----- Input -----

(* Let $M^2:l=l(u,v)$, $(u,v)$ in a neighbourhood of the origin in $\mathbb R^2$, be a generalized torus of second type in $S^3$ with non-constant Gauss curvature, parameterized so that: $\langle l_u,l_u\rangle=\langle l_v,l_v\rangle=E(u)$ depends only on $u$, $\langle l_u,l_v\rangle=0$, $\langle l,l\rangle=1$; for the unit normal $n$ of $M^2$ in $S^3$ (unit vector orthogonal to $l,l_u,l_v$) one has $\langle l_{uu},n\rangle=1$, $\langle l_{uv},n\rangle=0$, $\langle l_{vv},n\rangle=-1$; and $l(0,0)=e_1$, $l_u(0,0)=\sqrt{E(0)}\,e_2$, $l_v(0,0)=\sqrt{E(0)}\,e_3$, $n(0,0)=e_4$, where $e_1,e_2,e_3,e_4$ is the standard orthonormal basis of $\mathbb R^4$. Put $z(u)=\ln E(u)$, $s=z(0)$, $t=z'(0)/2$, and $\beta=\sqrt{t^2+2\cosh s}$. Then $z$ is the solution of $$z''+4\sinh z=0,\qquad z(0)=s,\quad z'(0)=2t,$$ and it is given explicitly by $z(u)=\ln\dfrac{\alpha^2\cos^2 h^{-1}(u+u_0)+\sin^2h^{-1}(u+u_0)}{\alpha}$ for suitable constants $\alpha>0$ and $u_0$, where $h(x)=\sqrt{\alpha}\int_0^x\frac{d\tau}{\sqrt{\alpha^2\cos^2\tau+\sin^2\tau}}$ and $h^{-1}$ is its inverse; moreover $$l(u,v)=e^{\frac{z(u)}{2}}p(u)+\frac{e^{\frac{z(u)}{2}}}{\beta^2}\Big[\cos\beta v\,\big(e^{\frac s2}e_1+t\,e_2+e^{-\frac s2}e_4\big)+\beta\sin\beta v\,e_3\Big],$$ where $p(u)$ is the $\mathbb R^4$-valued solution of the linear system $$p''(u)+z'(u)p'(u)+\beta^2p(u)=0,$$ $$p(0)=\frac{1}{\beta^2}\Big[e^{-\frac s2}(t^2+e^{-s})e_1-t\,e_2-e^{-\frac s2}e_4\Big],\qquad p'(0)=-t\,e^{-\frac s2}e_1+e_2.$$
   Context: $\mathbb R^4$ carries the standard Euclidean inner product and $S^3$ is its unit sphere. A surface in $S^3$ is minimal if its mean curvature in $S^3$ (with respect to a unit normal orthogonal to the position vector and tangent plane) vanishes. Principal lines are the lines of curvature of the surface in $S^3$. A circle is a curve in $\mathbb R^4$ with constant first Frenet curvature and vanishing higher Frenet curvatures. A generalized torus of second type is a minimal surface in $S^3$ on which one of the families of principal lines is a family of circles. (In the parameterization of the claim the $v$-lines are the circles.) *)

theory Defs
  imports "HOL-Analysis.Analysis"
begin

text \<open>Standard orthonormal basis e1,e2,e3,e4 of R^4 (index type 4 = {0,1,2,3}, and 4 = 0).\<close>
definition e1 :: "real^4" where "e1 = axis 1 1"
definition e2 :: "real^4" where "e2 = axis 2 1"
definition e3 :: "real^4" where "e3 = axis 3 1"
definition e4 :: "real^4" where "e4 = axis 4 1"

definition pu :: "(real \<Rightarrow> real \<Rightarrow> 'a::real_normed_vector) \<Rightarrow> real \<Rightarrow> real \<Rightarrow> 'a" where
  "pu f u v = vector_derivative (\<lambda>x. f x v) (at u)"
definition pv :: "(real \<Rightarrow> real \<Rightarrow> 'a::real_normed_vector) \<Rightarrow> real \<Rightarrow> real \<Rightarrow> 'a" where
  "pv f u v = vector_derivative (\<lambda>y. f u y) (at v)"
(* In the common-ownership game below, suppose $\kappa_{ij}=\kappa$ for all $i\ne j$, where $\kappa\ge0$ and $2+\alpha(1-\kappa)>0$. Then every equilibrium $(\mathbf A^{\rm d},\mathbf q^{\rm d})$ with $\operatorname{rank}(\mathbf A^{\rm d})\ge2$ satisfies $$\mathbf A^{\rm d}\mathbf q^{\rm d}=\frac{\boldsymbol\beta}{1+\kappa},\qquad \mathbf q^{\rm d}=\frac{\boldsymbol\gamma}{2+\alpha(1-\kappa)},\qquad \bar s_{\boldsymbol\gamma}(\mathbf A^{\rm d})=\frac{\Big(\frac{2+\alpha(1-\kappa)}{1+\kappa}\Big)^2-\|\boldsymbol\gamma\|_2^2}{n(n-1)}.$$ Moreover, an equilibrium satisfying the first two equalities exists if and only if $r(\boldsymbol\gamma)\le\frac{2+\alpha(1-\kappa)}{1+\kappa}\le R(\boldsymbol\gamma)$.
   Context: Model: integers $n\ge2$, $m\ge2$; $\alpha>0$, $\boldsymbol\beta\in\mathbb R^m$ with $\|\boldsymbol\beta\|_2=1$, $\boldsymbol\gamma\in\mathbb R^n$ with all $\gamma_i>0$. Firm $i$ chooses a unit vector $\mathbf a_i\in\mathbb R^m$ and $q_i\ge0$; $\mathbf A=[\mathbf a_1,\dots,\mathbf a_n]$. Standalone profit: $\Pi_i=\alpha q_i\mathbf a_i^\top(\boldsymbol\beta-\sum_{j\ne i}q_j\mathbf a_j)-(1+\alpha)q_i^2+\gamma_iq_i$. With ownership weights $\kappa_{ij}$ ($\kappa_{ii}=1$), firm $i$ maximizes $\tilde\Pi_i=\Pi_i+\sum_{j\ne i}\kappa_{ij}\Pi_j$; an equilibrium is a profile of mutual best responses. $\bar s_{\boldsymbol\gamma}(\mathbf A)=\binom n2^{-1}\sum_{1\le i<j\le n}\gamma_i\gamma_j\mathbf a_i^\top\mathbf a_j$. $R(\mathbf v)=\|\mathbf v\|_1$, $r(\mathbf v)=2\|\mathbf v\|_\infty-\|\mathbf v\|_1$. *)

theory Defs
  imports "HOL-Analysis.Analysis"
begin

-----

Exercise requirements
Copy out the lines of the data where the word "lambda" can be found.

Completed exercise
  "pu f u v = vector_derivative (\<lambda>x. f x v) (at u)"
  "pv f u v = vector_derivative (\<lambda>y. f u y) (at v)"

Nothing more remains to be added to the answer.